DebugZero Architecture

System Components

graph TD
    A[Seed Bank<br/>10 curated tasks] --> B[Bug Bank Builder<br/>AST mutations]
    B --> C[Verified Bugs<br/>train + eval split]
    C --> D[Mixed-Role Dataset<br/>proposer + solver prompts]
    D --> E[GRPO Trainer<br/>dual reward functions]
    
    F[Sandbox Executor<br/>isolated subprocess] --> G[Reward Engine<br/>role-aware scoring]
    G --> E
    
    E --> H[Pre/Post Evaluation<br/>fixed holdout set]
    H --> I[Results & Plots]
    
    style A fill:#1a1a2e,stroke:#e94560,color:#fff
    style E fill:#1a1a2e,stroke:#0f3460,color:#fff
    style G fill:#1a1a2e,stroke:#16c79a,color:#fff

Component Map

Layer Files Responsibility
Task & Data server/tasks.py, bug_bank.py Curated seed functions + verified bug generation
Environment server/debugZero_environment.py State machine orchestrating Proposer โ†” Solver turns
Execution server/executor.py Sandboxed Python execution with safety guards
Mutation server/bug_injector.py AST-level bug injection across 8 operator families
Grading server/graders.py Reward computation, plausibility scoring, solve-rate history
Training training/grpo_train.py, training/dual_role_sampler.py GRPO pipeline with role-specific prompts
Evaluation eval/api_baseline.py Deterministic controls + live API probing
Inference inference.py Multi-episode inference runner with structured logging

๐Ÿ“š Task Design & Difficulty Taxonomy

Seed Bank Overview

DebugZero uses 10 curated Python tasks spanning three difficulty tiers. Each task includes a clean reference implementation and a test harness.

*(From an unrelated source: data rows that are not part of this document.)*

theorem lemmaA3:
  fixes lam0 :: real
  assumes "lam0 > 1"
  shows "\<exists>c0 c1 c2 :: real. c0 > 0 \<and> c1 > 0 \<and> c2 > 0 \<and>
    (\<forall>lam. lam \<ge> lam0 \<longrightarrow>
      (\<forall>\<epsilon>. \<epsilon> \<in> {-1<..<1 / mu_of lam - 1} \<and> \<bar>\<epsilon>\<bar> * lam^2 \<le> c0 \<longrightarrow>
          1 - c1 * lam^2 * \<epsilon>^2 \<le> gamma lam \<epsilon> \<and> gamma lam \<epsilon> \<le> 1 - c2 * lam^2 * \<epsilon>^2)
      \<and> mono_on {-1<..<0} (gamma lam)
      \<and> antimono_on {0<..<1 / mu_of lam - 1} (gamma lam)
      \<and> (\<forall>\<epsilon>. \<epsilon> \<in> {-1<..<1 / mu_of lam - 1} - {-c0 / lam^2<..<c0 / lam^2} \<longrightarrow>
          0 < gamma lam \<epsilon> \<and> gamma lam \<epsilon> \<le> 1 - (c2 / c0) / lam^2))"
proof (rule exI[of _ "1/4"], rule exI[of _ 3], rule exI[of _ "(mu_of lam0)^3 / 256"],
    intro conjI allI impI)
  (* c2 is dictated by (iii): there c2 / c0 = 4 c2 must not exceed mu0^3 / 64, the value of the
     bound (i) at the window edge |e| = c0 / lam^2. *)
  show "(0::real) < 1/4" "(0::real) < 3" "0 < (mu_of lam0)^3 / 256"
    using mu_of_pos[OF assms] by simp_all
  fix lam e assume lam0: "lam0 \<le> lam"
  then have lam: "1 < lam" using assms by simp
  show "mono_on {-1<..<0} (gamma lam)" by (rule gamma_mono_on[OF lam])
  show "antimono_on {0<..<1 / mu_of lam - 1} (gamma lam)" by (rule gamma_antimono_on[OF lam])
  show "1 - 3 * lam^2 * e^2 \<le> gamma lam e"
    and "gamma lam e \<le> 1 - (mu_of lam0)^3 / 256 * lam^2 * e^2"
    if "e \<in> {-1<..<1 / mu_of lam - 1} \<and> \<bar>e\<bar> * lam^2 \<le> 1/4"
    using gamma_bounds(1)[OF lam] gamma_le_uniform[OF assms lam0] that by auto
  show "0 < gamma lam e"
    and "gamma lam e \<le> 1 - ((mu_of lam0)^3 / 256 / (1/4)) / lam^2"
    if "e \<in> {-1<..<1 / mu_of lam - 1} - {-(1/4) / lam^2<..<(1/4) / lam^2}"
    using gamma_pos[OF lam] gamma_le_outside_window[OF assms lam0 that] that by auto
qed

end
lemma l2sq_le_head_plus_tail:
  assumes f: "f \<in> l2 (mu + 1)"
  shows "l2sq mu f \<le> (\<Sum>k<m. (cmod (f k))\<^sup>2 * l2_weight mu k) + l2sq (mu + 1) f / (real m + 1)\<^sup>2"
proof -
  let ?F = "\<lambda>k. (cmod (f k))\<^sup>2 * l2_weight mu k" and ?G = "\<lambda>k. (cmod (f k))\<^sup>2 * l2_weight (mu + 1) k"
  have sF: "summable ?F" using l2_antimono[OF f, of mu] by (simp add: l2_iff_summable)
  have sG: "summable ?G" using f by (simp add: l2_iff_summable)
  have sFm: "summable (\<lambda>j. ?F (j + m))" and sGm: "summable (\<lambda>j. ?G (j + m))"
    using sF sG summable_iff_shift[of ?F m] summable_iff_shift[of ?G m] by blast+
  have le: "?F (j + m) \<le> ?G (j + m) / (real m + 1)\<^sup>2" for j
  proof -
    have "(real m + 1)\<^sup>2 \<le> (real (j + m) + 1)\<^sup>2"
      by (intro power_mono) auto
    then have "?F (j + m) * (real m + 1)\<^sup>2 \<le> ?F (j + m) * (real (j + m) + 1)\<^sup>2"
      by (intro mult_left_mono l2sq_term_nonneg)
    also have "\<dots> = ?G (j + m)"
      by (simp only: l2_weight_plus_1) (simp add: algebra_simps)
    finally show ?thesis by (simp add: pos_le_divide_eq)
  qed
  have Gtail: "(\<Sum>j. ?G (j + m)) \<le> l2sq (mu + 1) f"
    using suminf_split_initial_segment[OF sG, of m] sum_nonneg[of "{..<m}" ?G]
    by (simp add: l2sq_def l2sq_term_nonneg)
  have "(\<Sum>j. ?F (j + m)) \<le> (\<Sum>j. ?G (j + m) / (real m + 1)\<^sup>2)"
    by (rule suminf_le[OF le sFm summable_divide[OF sGm]])
  also have "\<dots> = (\<Sum>j. ?G (j + m)) / (real m + 1)\<^sup>2"
    by (rule suminf_divide[OF sGm])
  also have "\<dots> \<le> l2sq (mu + 1) f / (real m + 1)\<^sup>2"
    by (intro divide_right_mono Gtail) simp
  finally have "(\<Sum>j. ?F (j + m)) \<le> l2sq (mu + 1) f / (real m + 1)\<^sup>2" .
  then show ?thesis
    using suminf_split_initial_segment[OF sF, of m] by (simp add: l2sq_def)
qed

lemma l2_bounded_coordinatewise_convergent_subseq:
  fixes y :: "nat \<Rightarrow> seq"
  assumes y: "\<And>n. y n \<in> l2 mu" and M: "\<And>n. l2sq mu (y n) \<le> M"
  obtains r z where "strict_mono r" and "\<And>k. (\<lambda>i. y (r i) k) \<longlonglongrightarrow> z k"
proof -
  have bnd: "bounded (range (\<lambda>n. y n k))" for k
  proof (rule boundedI)
    fix x assume "x \<in> range (\<lambda>n. y n k)"
    then obtain n where x: "x = y n k" by auto
    have "(cmod (y n k))\<^sup>2 \<le> M / l2_weight mu k"
      using l2sq_coordinate_le[OF y, of n k] M[of n] l2_weight_pos[of mu k] by (simp add: field_simps)
    then show "norm x \<le> sqrt (M / l2_weight mu k)"
      using x real_le_rsqrt by blast
  qed
  interpret ss: subseqs "\<lambda>k s. convergent (\<lambda>i. y (s i) k)"
  proof
    fix k and s :: "nat \<Rightarrow> nat"
    have "bounded (range (\<lambda>i. y (s i) k))"
      by (rule bounded_subset[OF bnd[of k]]) auto
    then obtain l r where "strict_mono r" "((\<lambda>i. y (s i) k) \<circ> r) \<longlonglongrightarrow> l"
      using bounded_imp_convergent_subsequence by blast
    then show "\<exists>r'. strict_mono r' \<and> convergent (\<lambda>i. y ((s \<circ> r') i) k)"
      by (auto simp: convergent_def o_def)
  qed
  have "convergent (\<lambda>i. y (ss.diagseq i) k)" for k
  proof -
    have "convergent (\<lambda>i. y ((ss.diagseq \<circ> (+) (Suc k)) i) k)"
    proof (rule ss.diagseq_holds)
      fix r' :: "nat \<Rightarrow> nat" and s n
      assume "strict_mono r'" "convergent (\<lambda>i. y (s i) n)"
      then show "convergent (\<lambda>i. y ((s \<circ> r') i) n)"
        using LIMSEQ_subseq_LIMSEQ by (auto simp: convergent_def o_def)
    qed
    then obtain l where "(\<lambda>i. y (ss.diagseq (i + Suc k)) k) \<longlonglongrightarrow> l"
      by (auto simp: convergent_def o_def add.commute)
    then show ?thesis
      unfolding convergent_def by (blast intro: LIMSEQ_offset)
  qed
  then have "\<And>k. (\<lambda>i. y (ss.diagseq i) k) \<longlonglongrightarrow> lim (\<lambda>i. y (ss.diagseq i) k)"
    by (simp add: convergent_LIMSEQ_iff)
  then show ?thesis by (rule that[OF ss.subseq_diagseq])
qed

lemma l2_coordinatewise_limit:
  fixes y :: "nat \<Rightarrow> seq"
  assumes y: "\<And>n. y n \<in> l2 mu" and M: "\<And>n. l2sq mu (y n) \<le> M"
    and lim: "\<And>k. (\<lambda>i. y i k) \<longlonglongrightarrow> z k"
  shows "z \<in> l2 mu \<and> l2sq mu z \<le> M"
proof -
  have part: "(\<Sum>k<m. (cmod (z k))\<^sup>2 * l2_weight mu k) \<le> M" for m
  proof (rule LIMSEQ_le_const2)
    show "(\<lambda>i. \<Sum>k<m. (cmod (y i k))\<^sup>2 * l2_weight mu k) \<longlonglongrightarrow> (\<Sum>k<m. (cmod (z k))\<^sup>2 * l2_weight mu k)"
      by (intro tendsto_intros lim)
    show "\<exists>N. \<forall>i\<ge>N. (\<Sum>k<m. (cmod (y i k))\<^sup>2 * l2_weight mu k) \<le> M"
      using l2sq_partial_sum_le[OF y] M order_trans by blast
  qed
  have "summable (\<lambda>k. (cmod (z k))\<^sup>2 * l2_weight mu k)"
    by (rule bounded_imp_summable[where B = M])
      (use part[of "Suc _"] in \<open>auto simp: l2sq_term_nonneg lessThan_Suc_atMost[symmetric]\<close>)
  then show ?thesis
    unfolding l2_iff_summable l2sq_def using suminf_le_const part by blast
qed

lemma l2sq_tendsto_0_of_coordinatewise:
  assumes d: "\<And>i. d i \<in> l2 (mu + 1)" and M: "\<And>i. l2sq (mu + 1) (d i) \<le> M"
    and lim: "\<And>k. (\<lambda>i. d i k) \<longlonglongrightarrow> 0"
  shows "(\<lambda>i. l2sq mu (d i)) \<longlonglongrightarrow> 0"
proof (rule LIMSEQ_I)
  fix e :: real assume e: "0 < e"
  obtain m :: nat where m: "2 * M / e < real m"
    using reals_Archimedean2 by blast
  have "real m + 1 \<le> (real m + 1)\<^sup>2"
    by (simp add: power2_eq_square)
  then have "2 * M / e < (real m + 1)\<^sup>2"
    using m by linarith
  then have tail: "M / (real m + 1)\<^sup>2 < e / 2"
    using e by (simp add: field_simps)
  have "(\<lambda>i. \<Sum>k<m. (cmod (d i k))\<^sup>2 * l2_weight mu k) \<longlonglongrightarrow> (\<Sum>k<m. (cmod 0)\<^sup>2 * l2_weight mu k)"
    by (intro tendsto_intros lim)
  then obtain i0 where i0: "\<And>i. i \<ge> i0 \<Longrightarrow> (\<Sum>k<m. (cmod (d i k))\<^sup>2 * l2_weight mu k) < e / 2"
    using LIMSEQ_D[of _ 0 "e / 2"] e by fastforce
  have "norm (l2sq mu (d i) - 0) < e" if "i \<ge> i0" for i
  proof -
    have "l2sq (mu + 1) (d i) / (real m + 1)\<^sup>2 \<le> M / (real m + 1)\<^sup>2"
      using M[of i] by (simp add: divide_right_mono)
    then have "l2sq mu (d i) < e"
      using l2sq_le_head_plus_tail[OF d[of i], of m] i0[OF that] tail by linarith
    moreover have "0 \<le> l2sq mu (d i)"
      using l2_antimono[OF d[of i], of mu] l2sq_nonneg by auto
    ultimately show ?thesis by simp
  qed
  then show "\<exists>i0. \<forall>i\<ge>i0. norm (l2sq mu (d i) - 0) < e" by blast
qed

lemma l2_compact_embedding:
  fixes y :: "nat \<Rightarrow> seq"
  assumes y: "\<And>n. y n \<in> l2 (mu + 1)" and M: "\<And>n. l2sq (mu + 1) (y n) \<le> M"
  obtains r z where "strict_mono r" and "z \<in> l2 (mu + 1)"
    and "(\<lambda>i. l2sq mu (\<lambda>k. y (r i) k - z k)) \<longlonglongrightarrow> 0"
proof -
  obtain r z where r: "strict_mono r" and lim: "\<And>k. (\<lambda>i. y (r i) k) \<longlonglongrightarrow> z k"
    using l2_bounded_coordinatewise_convergent_subseq[of y "mu + 1" M, OF y M] by blast
  have z: "z \<in> l2 (mu + 1)" and zM: "l2sq (mu + 1) z \<le> M"
    using l2_coordinatewise_limit[of "\<lambda>i. y (r i)", OF y M lim] by auto
  have "(\<lambda>i. l2sq mu (\<lambda>k. y (r i) k - z k)) \<longlonglongrightarrow> 0"
  proof (rule l2sq_tendsto_0_of_coordinatewise)
    show "(\<lambda>k. y (r i) k - z k) \<in> l2 (mu + 1)" and "l2sq (mu + 1) (\<lambda>k. y (r i) k - z k) \<le> 4 * M" for i
      using l2_diff[OF y z, of "r i"] M[of "r i"] zM by auto
    show "(\<lambda>i. y (r i) k - z k) \<longlonglongrightarrow> 0" for k
      using tendsto_diff[OF lim[of k] tendsto_const[of "z k"]] by simp
  qed
  then show ?thesis
    by (rule that[OF r z])
qed

lemma l2sq_tendsto_0_le:
  assumes "\<And>i. f i \<in> l2 mu" and "\<And>i. l2sq mu (f i) \<le> g i" and "g \<longlonglongrightarrow> 0"
  shows "(\<lambda>i. l2sq mu (f i)) \<longlonglongrightarrow> 0"
  by (rule Lim_null_comparison[OF _ assms(3)]) (simp add: assms(2) l2sq_nonneg[OF assms(1)])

๐ŸŸข Easy Mode โ€” Single-Concept Functions

These tasks test a single algorithmic concept with straightforward control flow.

Task Function Core Concept Why It's Easy
DebugZero/1 sum_to_n(n) Accumulation loop Linear loop, no branching
DebugZero/4 count_nonempty(strings) Conditional counting Simple filter + count
DebugZero/7 drop_last(values) Slice operation One-liner with edge case

Bug injection strategy: Off-by-one errors, wrong operators (+ โ†” -), and boundary shifts create subtle failures while keeping the function structure intact.

๐ŸŸก Medium Mode โ€” Multi-Condition Logic

These tasks involve compound conditions, multiple code paths, or stateful iteration.

Task Function Core Concept Why It's Medium
HumanEval/0 has_close_elements(numbers, threshold) Nested iteration + comparison Dual loop, floating-point threshold
DebugZero/2 middle_slice(values) Boundary slicing Length check + slice index math
DebugZero/5 running_max(values) Stateful tracking Conditional update + initialization
DebugZero/6 first_index_of(values, target) Search with sentinel return Early return logic + default case

Bug injection strategy: Condition negation, wrong comparison operators (< โ†’ >=), and slice boundary corruption produce bugs that require understanding the relationship between conditions.

๐Ÿ”ด Hard Mode โ€” Algorithmic Reasoning

These tasks require reasoning about accumulators, invariants, or prefix computations.

Task Function Core Concept Why It's Hard
DebugZero/3 is_non_decreasing(values) Monotonicity invariant Generator expression with index math
DebugZero/8 count_greater_than(values, threshold) Threshold comparison Strict vs. non-strict inequality trap
DebugZero/9 prefix_sums(values) Running accumulation Accumulator + append ordering

Bug injection strategy: Loop boundary shifts, wrong builtins (min โ†” max), and off-by-one errors in accumulator initialization create bugs that require understanding the algorithm's invariant, not just its syntax.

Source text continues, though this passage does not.